Task prompt: Once you reach the line containing "j T \<bullet>" in the entries below, write out that line and each one after it down to the line containing "b\<bar> * (a", exactly and with nothing added.

Stored items:
lemma SJ_spec:
  fixes T :: "real^'n^'m"
  assumes "inj ((*v) T)"
  shows "(\<forall>i\<in>J. \<forall>j\<in>J. (\<Sum>k\<in>J. gram T i k * SJ T J k j) = (if i = j then 1 else 0))
           \<and> (\<forall>i j. (i \<notin> J \<or> j \<notin> J) \<longrightarrow> SJ T J i j = 0)"
proof -
  let ?P = "\<lambda>S. (\<forall>i\<in>J. \<forall>j\<in>J. (\<Sum>k\<in>J. gram T i k * S k j) = (if i = j then 1 else 0))
                 \<and> (\<forall>i j. (i \<notin> J \<or> j \<notin> J) \<longrightarrow> S i j = 0)"
  define u where "u j = inv (restricted_gram T J) (axis j 1)" for j
  have u: "restricted_gram T J (u j) = axis j 1" for j
    unfolding u_def by (rule surj_f_inv_f[OF surj_restricted_gram[OF assms]])
  have u_out: "\<forall>k. k \<notin> J \<longrightarrow> u j $ k = 0" if "j \<in> J" for j
  proof (intro allI impI)
    fix k assume "k \<notin> J"
    with that u[of j, THEN arg_cong[where f = "\<lambda>v. v $ k"]] show "u j $ k = 0"
      by (auto simp: restricted_gram_def axis_def)
  qed
  define S where "S = (\<lambda>i j. if i \<in> J \<and> j \<in> J then u j $ i else 0)"
  have "?P S"
  proof (intro conjI ballI allI impI)
    fix i j assume ij: "i \<in> J" "j \<in> J"
    have "(\<Sum>k\<in>J. gram T i k * S k j) = (\<Sum>k\<in>J. gram T i k * u j $ k)"
      by (rule sum.cong) (use ij in \<open>auto simp: S_def\<close>)
    also have "\<dots> = restricted_gram T J (u j) $ i"
      using ij u_out[of j] by (simp add: restricted_gram_supported inner_column_mult_vec_supported)
    finally show "(\<Sum>k\<in>J. gram T i k * S k j) = (if i = j then 1 else 0)"
      by (simp add: u axis_def)
  qed (auto simp: S_def)
  moreover have "S' = S''" if "?P S'" "?P S''" for S' S''
  proof (intro ext)
    fix a b
    show "S' a b = S'' a b"
    proof (cases "a \<in> J \<and> b \<in> J")
      case True
      let ?col = "\<lambda>S. \<chi> k. if k \<in> J then S k b else 0"
      have "column i T \<bullet> (T *v ?col S) = (\<Sum>k\<in>J. gram T i k * S k b)" for i S
        by (subst inner_column_mult_vec_supported[of J]) (auto intro!: sum.cong)
      then have "?col S' = ?col S''"
        using that True by (intro eq_of_gram_supported[OF assms, of J]) auto
      then have "?col S' $ a = ?col S'' $ a" by (rule arg_cong)
      then show ?thesis using True by simp
    qed (use that in auto)
  qed
  ultimately have "\<exists>!S. ?P S" by blast
  then show ?thesis unfolding SJ_def by (rule theI')
qed

lemma SJ_solves_gram_system:
  fixes T :: "real^'n^'m"
  assumes "inj ((*v) T)"
    and "\<forall>k. k \<notin> J \<longrightarrow> w $ k = 0"
    and "\<forall>j\<in>J. column j T \<bullet> (T *v w) = g j"
    and "i \<in> J"
  shows "w $ i = (\<Sum>k\<in>J. SJ T J i k * g k)"
proof -
  define v where "v = (\<chi> i. if i \<in> J then (\<Sum>k\<in>J. SJ T J i k * g k) else 0)"
  have "column a T \<bullet> (T *v v) = g a" if a: "a \<in> J" for a
  proof -
    have "column a T \<bullet> (T *v v) = (\<Sum>j\<in>J. \<Sum>k\<in>J. gram T a j * SJ T J j k * g k)"
      by (subst inner_column_mult_vec_supported[of J]) (auto simp: v_def sum_distrib_left mult.assoc)
    also have "\<dots> = (\<Sum>k\<in>J. (\<Sum>j\<in>J. gram T a j * SJ T J j k) * g k)"
      by (subst sum.swap) (simp add: sum_distrib_right)
    also have "\<dots> = (\<Sum>k\<in>J. if a = k then g k else 0)"
      by (rule sum.cong) (use SJ_spec[OF assms(1)] a in auto)
    also have "\<dots> = g a"
      using a by simp
    finally show ?thesis .
  qed
  then have "w = v"
    using assms(2,3) by (intro eq_of_gram_supported[OF assms(1), of J]) (auto simp: v_def)
  then show ?thesis
    using assms(4) by (simp add: v_def)
qed

section \<open>The solution path near lam\<close>

lemma lasso_minimizer_residual_le:
  assumes "lasso_minimizer T y lam x" "0 < lam"
  shows "norm (T *v x - y) \<le> norm y"
proof -
  have "lasso_obj T y lam x \<le> lasso_obj T y lam 0"
    using assms(1) by (simp add: lasso_minimizer_def)
  then have "lam / 2 * (norm (T *v x - y))\<^sup>2 + l1_norm x \<le> lam / 2 * (norm y)\<^sup>2"
    by (simp add: lasso_obj_eq l1_norm_def[of 0])
  then have "lam / 2 * (norm (T *v x - y))\<^sup>2 \<le> lam / 2 * (norm y)\<^sup>2"
    using l1_norm_nonneg[of x] by linarith
  then have "(norm (T *v x - y))\<^sup>2 \<le> (norm y)\<^sup>2"
    using assms(2) by simp
  then show ?thesis
    by (simp add: power2_le_iff_abs_le)
qed

lemma abs_diff_squares_le:
  fixes a b Y :: real
  assumes "0 \<le> a" "0 \<le> b" "a \<le> Y" "b \<le> Y"
  shows "\<bar>a\<^sup>2 - b\<^sup>2\<bar> \<le> \<bar>a - b\<bar> * (2 * Y)"
proof -
  have "\<bar>a\<^sup>2 - b\<^sup>2\<bar> = \<bar>(a - b) * (a + b)\<bar>"
    by (simp add: power2_eq_square algebra_simps)
  also have "\<dots> = \<bar>a - b\<bar> * (a + b)"
    using assms by (simp add: abs_mult)
  also have "\<dots> \<le> \<bar>a - b\<bar> * (2 * Y)"
    using assms by (intro mult_left_mono) auto
  finally show ?thesis .
qed

text \<open>Adding the quadratic growth inequalities of both minimizers cancels the l1 terms and
  leaves only the change of the weight on the residuals.\<close>
lemma lasso_minimizer_fit_stability:
  assumes x: "lasso_minimizer T y lam x" "0 < lam"
    and z: "lasso_minimizer T y mu z" "0 < mu"
  shows "(lam + mu) * norm (T *v (z - x)) \<le> 2 * \<bar>lam - mu\<bar> * norm y"
proof -
  define W where "W = norm (T *v (z - x))"
  define Nz where "Nz = norm (T *v z - y)"
  define Nx where "Nx = norm (T *v x - y)"
  have "norm (T *v (x - z)) = W"
    unfolding W_def by (metis matrix_vector_mult_diff_distrib norm_minus_commute)
  then have "lasso_obj T y mu z + mu / 2 * W\<^sup>2 \<le> lasso_obj T y mu x"
    using lasso_minimizer_quadratic_growth[OF z, of x] by simp
  moreover have "lasso_obj T y lam x + lam / 2 * W\<^sup>2 \<le> lasso_obj T y lam z"
    using lasso_minimizer_quadratic_growth[OF x, of z] by (simp add: W_def)
  ultimately have "(lam + mu) * W\<^sup>2 \<le> (lam - mu) * (Nz\<^sup>2 - Nx\<^sup>2)"
    unfolding lasso_obj_eq Nz_def[symmetric] Nx_def[symmetric] by (simp add: algebra_simps)
  also have "\<dots> \<le> \<bar>lam - mu\<bar> * \<bar>Nz\<^sup>2 - Nx\<^sup>2\<bar>"
    by (metis abs_ge_self abs_mult)
  also have "\<bar>Nz\<^sup>2 - Nx\<^sup>2\<bar> \<le> \<bar>Nz - Nx\<bar> * (2 * norm y)"
    using lasso_minimizer_residual_le[OF x] lasso_minimizer_residual_le[OF z]
    by (intro abs_diff_squares_le) (auto simp: Nz_def Nx_def)
  also have "\<bar>Nz - Nx\<bar> \<le> W"
    using norm_triangle_ineq3[of "T *v z - y" "T *v x - y"]
    by (simp add: Nz_def Nx_def W_def matrix_vector_mult_diff_distrib)
  finally have "W * ((lam + mu) * W) \<le> W * (2 * \<bar>lam - mu\<bar> * norm y)"
    by (simp add: power2_eq_square mult_right_mono algebra_simps)
  then show ?thesis
    using x(2) z(2) by (cases "W = 0") (auto simp: W_def)
qed

lemma isCont_lasso_sol:
  fixes T :: "real^'n^'m"
  assumes inj: "inj ((*v) T)" and "0 < lam"
  shows "isCont (lasso_sol T y) lam"
proof -
  obtain e where e: "0 < e" "\<And>v. e * norm v \<le> norm (T *v v)"
    using injective_imp_isometric[of UNIV "(*v) T"] inj_eq[OF inj, of _ 0] by auto
  define x where "x = lasso_sol T y lam"
  define C where "C = 2 * norm y / (lam * e)"
  have "norm (lasso_sol T y mu - x) \<le> C * \<bar>mu - lam\<bar>" if "0 < mu" for mu
  proof -
    have "lam * (e * norm (lasso_sol T y mu - x)) \<le> (lam + mu) * norm (T *v (lasso_sol T y mu - x))"
      using e(2)[of "lasso_sol T y mu - x"] e(1) \<open>0 < lam\<close> that
      by (intro mult_mono) auto
    also have "\<dots> \<le> 2 * \<bar>lam - mu\<bar> * norm y"
      unfolding x_def using assms that
      by (intro lasso_minimizer_fit_stability lasso_minimizer_lasso_sol)
    finally show ?thesis
      using e(1) \<open>0 < lam\<close> by (simp add: C_def field_simps abs_minus_commute)
  qed
  moreover have "eventually (\<lambda>mu. 0 < mu) (at lam)"
    using \<open>0 < lam\<close> by (rule order_tendstoD(1)[OF tendsto_ident_at])
  ultimately have "eventually (\<lambda>mu. norm (lasso_sol T y mu - x) \<le> C * \<bar>mu - lam\<bar>) (at lam)"
    by (auto elim: eventually_mono)
  moreover have "((\<lambda>mu. C * \<bar>mu - lam\<bar>) \<longlongrightarrow> 0) (at lam)"
    by (auto intro!: tendsto_eq_intros)
  ultimately have "((\<lambda>mu. lasso_sol T y mu - x) \<longlongrightarrow> 0) (at lam)"
    by (rule Lim_null_comparison)
  then show ?thesis
    unfolding isCont_def x_def by (rule LIM_zero_cancel)
qed

lemma isCont_lasso_corr_lasso_sol:
  fixes T :: "real^'n^'m"
  assumes "inj ((*v) T)" "0 < lam"
  shows "isCont (\<lambda>mu. lasso_corr T y mu (lasso_sol T y mu) j) lam"
  using isCont_lasso_sol[OF assms] unfolding isCont_def lasso_corr_def
  by (intro tendsto_intros bounded_linear.tendsto[OF matrix_vector_mul_bounded_linear])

Task solution:
    and "\<forall>j\<in>J. column j T \<bullet> (T *v w) = g j"
    and "i \<in> J"
  shows "w $ i = (\<Sum>k\<in>J. SJ T J i k * g k)"
proof -
  define v where "v = (\<chi> i. if i \<in> J then (\<Sum>k\<in>J. SJ T J i k * g k) else 0)"
  have "column a T \<bullet> (T *v v) = g a" if a: "a \<in> J" for a
  proof -
    have "column a T \<bullet> (T *v v) = (\<Sum>j\<in>J. \<Sum>k\<in>J. gram T a j * SJ T J j k * g k)"
      by (subst inner_column_mult_vec_supported[of J]) (auto simp: v_def sum_distrib_left mult.assoc)
    also have "\<dots> = (\<Sum>k\<in>J. (\<Sum>j\<in>J. gram T a j * SJ T J j k) * g k)"
      by (subst sum.swap) (simp add: sum_distrib_right)
    also have "\<dots> = (\<Sum>k\<in>J. if a = k then g k else 0)"
      by (rule sum.cong) (use SJ_spec[OF assms(1)] a in auto)
    also have "\<dots> = g a"
      using a by simp
    finally show ?thesis .
  qed
  then have "w = v"
    using assms(2,3) by (intro eq_of_gram_supported[OF assms(1), of J]) (auto simp: v_def)
  then show ?thesis
    using assms(4) by (simp add: v_def)
qed

section \<open>The solution path near lam\<close>

lemma lasso_minimizer_residual_le:
  assumes "lasso_minimizer T y lam x" "0 < lam"
  shows "norm (T *v x - y) \<le> norm y"
proof -
  have "lasso_obj T y lam x \<le> lasso_obj T y lam 0"
    using assms(1) by (simp add: lasso_minimizer_def)
  then have "lam / 2 * (norm (T *v x - y))\<^sup>2 + l1_norm x \<le> lam / 2 * (norm y)\<^sup>2"
    by (simp add: lasso_obj_eq l1_norm_def[of 0])
  then have "lam / 2 * (norm (T *v x - y))\<^sup>2 \<le> lam / 2 * (norm y)\<^sup>2"
    using l1_norm_nonneg[of x] by linarith
  then have "(norm (T *v x - y))\<^sup>2 \<le> (norm y)\<^sup>2"
    using assms(2) by simp
  then show ?thesis
    by (simp add: power2_le_iff_abs_le)
qed

lemma abs_diff_squares_le:
  fixes a b Y :: real
  assumes "0 \<le> a" "0 \<le> b" "a \<le> Y" "b \<le> Y"
  shows "\<bar>a\<^sup>2 - b\<^sup>2\<bar> \<le> \<bar>a - b\<bar> * (2 * Y)"
proof -
  have "\<bar>a\<^sup>2 - b\<^sup>2\<bar> = \<bar>(a - b) * (a + b)\<bar>"
    by (simp add: power2_eq_square algebra_simps)
  also have "\<dots> = \<bar>a - b\<bar> * (a + b)"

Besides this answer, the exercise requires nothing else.